Loose Lips Sink Ships: The Titanic’s Achilles Keel

I couldn’t let the 100th anniversary of the sinking of the Titanic pass without a mention.

I was in second grade when my brother borrowed from our grade school library the then-definitive account of the sinking: Walter Lord’s book, “A Night to Remember.” It was the beginning of a lifelong fascination.

As I grew older, I began thinking of the tragedy in terms of the paroxysms in the processes, the “event cascade,” that led to its collision with the iceberg and, far worse in my opinion, the inability to save more of its passengers.

The event cascade is familiar to us. It’s the stream of decisions, actions, errors that, uninterrupted, results in very bad things.
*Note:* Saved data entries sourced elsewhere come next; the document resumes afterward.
lemma symmetric_block_eigenvalue_max:
  fixes M :: "real^'p::finite^'p"
  assumes sym: "\<And>x y. x \<bullet> (M *v y) = y \<bullet> (M *v x)" and "blk j0 = i"
  obtains c where "is_block_eigenvalue M blk i c"
    and "\<And>x. \<forall>j. blk j \<noteq> i \<longrightarrow> x$j = 0 \<Longrightarrow> x \<bullet> (M *v x) \<le> c * (x \<bullet> x)"
proof -
  obtain v where v: "v \<bullet> v = 1" "\<forall>j. blk j \<noteq> i \<longrightarrow> v$j = 0"
    and max: "\<And>x. \<forall>j. blk j \<noteq> i \<longrightarrow> x$j = 0 \<Longrightarrow> x \<bullet> (M *v x) \<le> (v \<bullet> (M *v v)) * (x \<bullet> x)"
    using Rayleigh_quotient_attains_max[where blk = blk and i = i and M = M, OF \<open>blk j0 = i\<close>]
    by blast
  have "v \<noteq> 0" using v(1) by auto
  with v have eig: "is_block_eigenvalue M blk i (v \<bullet> (M *v v))"
    by (intro Rayleigh_maximizer_block_eigenvalue[OF sym max]) auto
  show ?thesis by (rule that[OF eig max])
qed

lemma inner_scaled_gram_matrix:
  fixes A :: "real^'m::finite^'n::finite"
  shows "x \<bullet> ((mu *\<^sub>R (transpose A ** A)) *v y) = mu * ((A *v x) \<bullet> (A *v y))"
proof -
  have "(mu *\<^sub>R (transpose A ** A)) *v y = mu *\<^sub>R (transpose A *v (A *v y))"
    by (simp only: scaleR_matrix_vector_assoc[symmetric] matrix_vector_mul_assoc)
  then show ?thesis by (simp only: inner_scaleR_right inner_transpose_matrix_vector)
qed

lemma scaled_gram_block_bound:
  fixes A :: "real^'m::finite^'n::finite"
  assumes eig: "\<forall>c. is_block_eigenvalue (mu *\<^sub>R (transpose A ** A)) blk i c \<longrightarrow> c < eta"
    and x: "\<forall>j. blk j \<noteq> i \<longrightarrow> x$j = 0"
  shows "mu * ((A *v x) \<bullet> (A *v x)) \<le> eta * (x \<bullet> x)"
proof (cases "\<exists>j0. blk j0 = i")
  case True
  then obtain j0 where "blk j0 = i" ..
  then obtain c where "is_block_eigenvalue (mu *\<^sub>R (transpose A ** A)) blk i c"
    and max: "mu * ((A *v x) \<bullet> (A *v x)) \<le> c * (x \<bullet> x)"
    using symmetric_block_eigenvalue_max[where blk = blk and i = i, OF _ \<open>blk j0 = i\<close>] x
    by (metis inner_scaled_gram_matrix inner_commute)
  then have "c < eta" using eig by blast
  then have "c * (x \<bullet> x) \<le> eta * (x \<bullet> x)" by (simp add: mult_right_mono)
  with max show ?thesis by linarith
next
  case False
  then have "x = 0" using x by (simp add: vec_eq_iff)
  then show ?thesis by simp
qed

lemma scaled_gram_block_eigenvalue_bound_pos:
  fixes A :: "real^'m::finite^'n::finite"
  assumes "0 \<le> mu" and eig: "\<forall>c. is_block_eigenvalue (mu *\<^sub>R (transpose A ** A)) blk i c \<longrightarrow> c < eta"
    and "blk j = i"
  shows "0 < eta"
proof -
  obtain c where "is_block_eigenvalue (mu *\<^sub>R (transpose A ** A)) blk i c"
    and Rayleigh: "\<And>x. \<forall>j. blk j \<noteq> i \<longrightarrow> x$j = 0 \<Longrightarrow> mu * ((A *v x) \<bullet> (A *v x)) \<le> c * (x \<bullet> x)"
    using symmetric_block_eigenvalue_max[where blk = blk and i = i, OF _ \<open>blk j = i\<close>]
    by (metis inner_scaled_gram_matrix inner_commute)
  then have "c < eta" using eig by blast
  have "0 \<le> mu * ((A *v axis j 1) \<bullet> (A *v axis j 1))" using \<open>0 \<le> mu\<close> by simp
  also have "\<dots> \<le> c * (axis j 1 \<bullet> axis j (1::real))"
    using \<open>blk j = i\<close> by (intro Rayleigh) (auto simp: axis_def)
  also have "\<dots> = c" by simp
  finally show ?thesis using \<open>c < eta\<close> by simp
qed

lemma inner_quadratic_nonneg:
  fixes a u :: "'a::real_inner"
  assumes "0 < mu"
  shows "0 \<le> mu * (a \<bullet> a) + 2 * (a \<bullet> u) + (u \<bullet> u) / mu"
proof -
  have "mu * (a \<bullet> a) + 2 * (a \<bullet> u) + (u \<bullet> u) / mu = (mu *\<^sub>R a + u) \<bullet> (mu *\<^sub>R a + u) / mu"
    using assms by (simp add: inner_add_left inner_add_right inner_commute field_simps)
  then show ?thesis using assms by simp
qed

lemma ppa_inner_block_nonneg:
  fixes A :: "real^'p::finite^'p"
  assumes mu: "0 < mu" and blk: "\<forall>j. blk j < K"
    and bound: "\<And>i x. i < K \<Longrightarrow> \<forall>j. blk j \<noteq> i \<longrightarrow> x$j = 0 \<Longrightarrow>
      mu * ((A *v x) \<bullet> (A *v x)) \<le> eta i * (x \<bullet> x)"
  shows "0 \<le> ppa_inner A (\<lambda>j. eta (blk j)) mu (mu / real (K + 1)) g g"
proof -
  obtain b z u where g: "g = (b, z, u)" by (cases g)
  define bi where "bi i = (\<chi> j. if blk j = i then b$j else 0)" for i
  have b_sum: "b = (\<Sum>i<K. bi i)"
    using blk by (simp add: vec_eq_iff bi_def)
  have "(\<Sum>j\<in>UNIV. eta (blk j) * b$j * b$j)
      = (\<Sum>j\<in>UNIV. \<Sum>i<K. if blk j = i then eta i * (b$j * b$j) else 0)"
    using blk by (intro sum.cong) (auto simp: mult.assoc)
  also have "\<dots> = (\<Sum>i<K. eta i * (bi i \<bullet> bi i))"
    unfolding inner_vec_def bi_def sum_distrib_left by (subst sum.swap) (auto intro!: sum.cong)
  finally have weighted:
    "(\<Sum>j\<in>UNIV. eta (blk j) * b$j * b$j) = (\<Sum>i<K. eta i * (bi i \<bullet> bi i))" .
  have "ppa_inner A (\<lambda>j. eta (blk j)) mu (mu / real (K + 1)) g g
      = (\<Sum>i<K. eta i * (bi i \<bullet> bi i) + 2 * ((A *v bi i) \<bullet> u) + (u \<bullet> u) / mu)
        + (mu * (z \<bullet> z) + 2 * (z \<bullet> - u) + ((- u) \<bullet> (- u)) / mu)"
  proof -
    have "(A *v b) \<bullet> u = (\<Sum>i<K. (A *v bi i) \<bullet> u)"
      by (subst b_sum) (simp add: vec.sum inner_sum_left)
    moreover have "(u \<bullet> u) / (mu / real (K + 1)) = (\<Sum>i<K. (u \<bullet> u) / mu) + (u \<bullet> u) / mu"
      using mu by (simp add: field_simps)
    ultimately show ?thesis
      unfolding g ppa_inner.simps weighted
      by (simp add: sum.distrib sum_distrib_left[symmetric])
  qed
  also have "0 \<le> \<dots>"
  proof (rule add_nonneg_nonneg[OF sum_nonneg])
    fix i assume "i \<in> {..<K}"
    then have "mu * ((A *v bi i) \<bullet> (A *v bi i)) \<le> eta i * (bi i \<bullet> bi i)"
      by (intro bound) (auto simp: bi_def)
    then show "0 \<le> eta i * (bi i \<bullet> bi i) + 2 * ((A *v bi i) \<bullet> u) + (u \<bullet> u) / mu"
      using inner_quadratic_nonneg[OF mu, of "A *v bi i" u] by linarith
  qed (rule inner_quadratic_nonneg[OF mu])
  finally show ?thesis .
qed
(* Let $w$ be a word over $\{a^{\pm1},t^{\pm1},x^{\pm1}\}$ with $\sigma_x(w)=0$. Then $w=1$ has a solution in $L_2$ if and only if $\sigma_t(w)=0$ and there exists $\delta\in\mathbb{Z}$ such that $\mathrm{den}(w)_\delta$ divides $\mathrm{num}(w)_\delta$ in $\mathbb{Z}_2[z^{\pm1}]$.
   Context: $\mathbb{Z}_2$ is the field with two elements and $\mathbb{Z}_2[z^{\pm1}]$ the ring of Laurent polynomials over it. The lamplighter group $L_2$ is realized as the set $\mathbb{Z}\times\mathbb{Z}_2[z^{\pm1}]$ with multiplication $(\delta_1,f_1)(\delta_2,f_2)=(\delta_1+\delta_2,\ f_1z^{-\delta_2}+f_2)$, generated by $a=(0,1)$ and $t=(1,0)$. A solution of $w=1$ is an element $g\in L_2$ with $w(a,t,g)=1$, where $w(a,t,g)$ is the image of $w$ under the homomorphism $F(a,t,x)\to L_2$, $a\mapsto a$, $t\mapsto t$, $x\mapsto g$. $\sigma_x(w),\sigma_t(w)$ are the exponent sums of $x$ and $t$ in $w$. For Laurent polynomials $g,h$, "$g$ divides $h$" means $h=gq$ for some $q\in\mathbb{Z}_2[z^{\pm1}]$ (so $0$ divides only $0$). A $\delta$-parametric polynomial is a finite sum $\sum_{i=s}^{t} f_i(z)z^{i\delta}$ with $f_i\in\mathbb{Z}_2[z^{\pm1}]$ (formally an element of $\mathbb{Z}_2[z^{\pm1},y^{\pm1}]$ with $y$ standing for $z^\delta$); for an integer $\delta$, its instantiation (subscript $\delta$) is the Laurent polynomial obtained by substituting that integer for $\delta$. For a word $w$, the $\delta$-parametric polynomials $\mathrm{num}(w),\mathrm{den}(w)$ are defined recursively, reading $w$ from right to left: for the empty word both are $0$; if $w'=\ell w$ is obtained by prepending a letter $\ell$ to $w$, and $x_w=\sigma_x(w)$, $t_w=\sigma_t(w)$, then: if $\ell=x$, $\mathrm{den}(w')=\mathrm{den}(w)+z^{-t_w-x_w\delta}$ and $\mathrm{num}(w')=\mathrm{num}(w)$; if $\ell=x^{-1}$, $\mathrm{den}(w')=\mathrm{den}(w)+z^{-t_w-(x_w-1)\delta}$ and $\mathrm{num}(w')=\mathrm{num}(w)$; if $\ell=a^{\pm1}$, $\mathrm{num}(w')=\mathrm{num}(w)+z^{-t_w-x_w\delta}$ and $\mathrm{den}(w')=\mathrm{den}(w)$; if $\ell=t^{\pm1}$, both are unchanged. *)

theory Defs
  imports "HOL-Computational_Algebra.Formal_Laurent_Series" "HOL-Library.Z2"
begin

definition laurent_poly :: "bit fls \<Rightarrow> bool" where
  "laurent_poly f \<longleftrightarrow> finite {n. fls_nth f n \<noteq> 0}"

abbreviation zpow :: "int \<Rightarrow> bit fls" where
  "zpow k \<equiv> fls_X_intpow k"

definition lp_dvd :: "bit fls \<Rightarrow> bit fls \<Rightarrow> bool" where
  "lp_dvd g h \<longleftrightarrow> (\<exists>q. laurent_poly q \<and> h = g * q)"

text \<open>Lamplighter group L_2 = Z x Z_2[z^{+-1}]\<close>
type_synonym lelem = "int \<times> bit fls"

definition in_L2 :: "lelem \<Rightarrow> bool" where
  "in_L2 p \<longleftrightarrow> laurent_poly (snd p)"

definition lmult :: "lelem \<Rightarrow> lelem \<Rightarrow> lelem" where
  "lmult p q = (fst p + fst q, snd p * zpow (- fst q) + snd q)"

definition linv :: "lelem \<Rightarrow> lelem" where
  "linv p = (- fst p, snd p * zpow (fst p))"

definition lone :: lelem where "lone = (0, 0)"
definition gen_a :: lelem where "gen_a = (0, 1)"
definition gen_t :: lelem where "gen_t = (1, 0)"

datatype letter = A | Ai | T | Ti | X | Xi

type_synonym word = "letter list"

fun letter_val :: "lelem \<Rightarrow> letter \<Rightarrow> lelem" where
  "letter_val g A = gen_a"
| "letter_val g Ai = linv gen_a"
| "letter_val g T = gen_t"
| "letter_val g Ti = linv gen_t"
| "letter_val g X = g"
| "letter_val g Xi = linv g"

fun eval_word :: "lelem \<Rightarrow> word \<Rightarrow> lelem" where
  "eval_word g [] = lone"
| "eval_word g (l # w) = lmult (letter_val g l) (eval_word g w)"

definition is_solution :: "word \<Rightarrow> lelem \<Rightarrow> bool" where
  "is_solution w g \<longleftrightarrow> in_L2 g \<and> eval_word g w = lone"

fun sigma_x :: "word \<Rightarrow> int" where
  "sigma_x [] = 0"
| "sigma_x (l # w) = (case l of X \<Rightarrow> 1 | Xi \<Rightarrow> -1 | _ \<Rightarrow> 0) + sigma_x w"

fun sigma_t :: "word \<Rightarrow> int" where
  "sigma_t [] = 0"
| "sigma_t (l # w) = (case l of T \<Rightarrow> 1 | Ti \<Rightarrow> -1 | _ \<Rightarrow> 0) + sigma_t w"

text \<open>Instantiations num(w)_d and den(w)_d of the d-parametric polynomials num(w), den(w)
  (the recursion is linear, so instantiation commutes with it).\<close>
fun num_inst :: "int \<Rightarrow> word \<Rightarrow> bit fls" where
  "num_inst d [] = 0"
| "num_inst d (l # w) = num_inst d w +
     (if l = A \<or> l = Ai then zpow (- sigma_t w - sigma_x w * d) else 0)"

fun den_inst :: "int \<Rightarrow> word \<Rightarrow> bit fls" where
  "den_inst d [] = 0"
| "den_inst d (l # w) = den_inst d w +
     (if l = X then zpow (- sigma_t w - sigma_x w * d)
      else if l = Xi then zpow (- sigma_t w - (sigma_x w - 1) * d) else 0)"

end

theory Submission
  imports Defs
begin

text \<open>Evaluating \<open>w\<close> at \<open>x = (d, f)\<close> is linear in \<open>f\<close>: every occurrence of \<open>x\<^sup>\<plusminus>\<^sup>1\<close> and \<open>a\<^sup>\<plusminus>\<^sup>1\<close>
  contributes one monomial, shifted by the \<open>t\<close>-exponent of the suffix to its right, and these
  monomials are exactly those collected in \<open>den(w)\<^sub>d\<close> and \<open>num(w)\<^sub>d\<close>. So \<open>w(a, t, (d, f)) = 1\<close>
  says \<open>\<sigma>\<^sub>t(w) + \<sigma>\<^sub>x(w) d = 0\<close> and \<open>num(w)\<^sub>d + f den(w)\<^sub>d = 0\<close>; in characteristic 2 the latter
  is \<open>num(w)\<^sub>d = den(w)\<^sub>d f\<close>, a divisibility with the Laurent polynomial \<open>f\<close> as quotient.\<close>

lemma add_eq_0_iff_eq_bit_fls: "a + b = (0::bit fls) \<longleftrightarrow> a = b"
proof -
  have "- b = b" by (rule fls_eqI) simp
  then show ?thesis by (metis add_eq_0_iff2)
qed

lemma eval_word_eq:
  "eval_word (d, f) w = (sigma_t w + sigma_x w * d, num_inst d w + f * den_inst d w)"
proof (induction w)
  case Nil
  show ?case by (simp add: lone_def)
next
  case (Cons l w)
  show ?case
  proof (cases l)
    case Xi
    have "f * zpow d * zpow (- (sigma_t w + sigma_x w * d))
        = f * zpow (- sigma_t w - (sigma_x w - 1) * d)"
      unfolding mult.assoc fls_X_intpow_times_fls_X_intpow by (simp add: algebra_simps)
    with Cons Xi show ?thesis
      by (simp add: lmult_def linv_def algebra_simps)
  qed (use Cons in \<open>simp_all add: lmult_def linv_def gen_a_def gen_t_def algebra_simps\<close>)
qed

lemma eval_word_eq_lone_iff:
  assumes "sigma_x w = 0"
  shows "eval_word (d, f) w = lone \<longleftrightarrow> sigma_t w = 0 \<and> num_inst d w = den_inst d w * f"
  using assms by (simp add: eval_word_eq lone_def add_eq_0_iff_eq_bit_fls mult.commute)

theorem mainTheorem7:
  fixes w :: word
  assumes "sigma_x w = 0"
  shows "(\<exists>g. is_solution w g) \<longleftrightarrow>
           (sigma_t w = 0 \<and> (\<exists>d::int. lp_dvd (den_inst d w) (num_inst d w)))"
proof -
  have "is_solution w (d, f) \<longleftrightarrow>
          laurent_poly f \<and> sigma_t w = 0 \<and> num_inst d w = den_inst d w * f" for d f
    using eval_word_eq_lone_iff[OF assms] by (auto simp: is_solution_def in_L2_def)
  then show ?thesis
    by (auto simp: lp_dvd_def)
qed

end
Think 9/11, Three Mile Island, the Union Carbide catastrophe in Bhopal, India, Chernobyl, Exxon Valdez.

Yes, of course there are abject, interconnected lessons within the Titanic story that cost more than 1,500 people their lives: The hubris, lack of preparation, poor coordination of the evacuation, ignorance of repeated ice warnings, overt segregation of the classes, moonless night, flat sea, inaccessible binoculars in the crow’s nest, port-around/reversed engines that widened the ship’s turning radius, amount of slag in the rivets…

But , in my opinion, the single largest culprit…the sentinel breakdown that led to all those deaths…the Titanic’s Achilles keel…was communications.

It’s said that the Marconi wireless was more for the amusement of the rich than for securing assistance in potential crises. In its brief life at sea, Titanic’s wireless operators Harold Bride and Jack Phillips spent most of their time sending pointless messages on behalf of their wealthy passengers. When the ship’s fate was sealed, at least one ship’s captain and wireless operator, close enough to be of immediate aid, had tired of the drivel and gone to bed.

In fact, earlier in the day — when the telegraph operator of that ship, the Californian, sent the Titanic warnings of icebergs in its vicinity — the two men (frustrated that the Californian’s messages clogged the airways, preventing the distribution of their own messages), replied, “Shut up!”

Ouch. The Californian was within 10 miles of the Titanic as she foundered. It could have saved all or most of its passengers. But its crew were long disconnected — thanks, in part, to the scorn for their earlier assistance.

I’m not of the mind that Bride and Phillips were wholly culpable in this tragedy. They weren’t. In fact, in many ways they became heroes — standing their post, desperately communicating with ships even as water poured into the wireless room and the power cut out. Their messages found the Carpathia which steamed through ice-laden seas to rescue surviving passengers.

But their earlier folly — doing what they were expected to do for four days preceding the accident — contributed to a flawed system that was doomed to fail.

Therein may lie poignant lessons for us all: What information are we sharing with the world? Is it meaningful? Or are we just bombarding humanity with myriad, pointless, self serving posts to Facebook, Twitter, and YouTube?

Is what we’re saying relevant? Is it what we need to say? Or what we want to say?

As importantly, are we listening? Our customers, community, and employees are sharing important information.

Think about it. By our actions or indifference, we might be telling those who want to help to “shut up” so we can perpetuate our own agenda.

And that, my friends, is a Titanic error in judgement.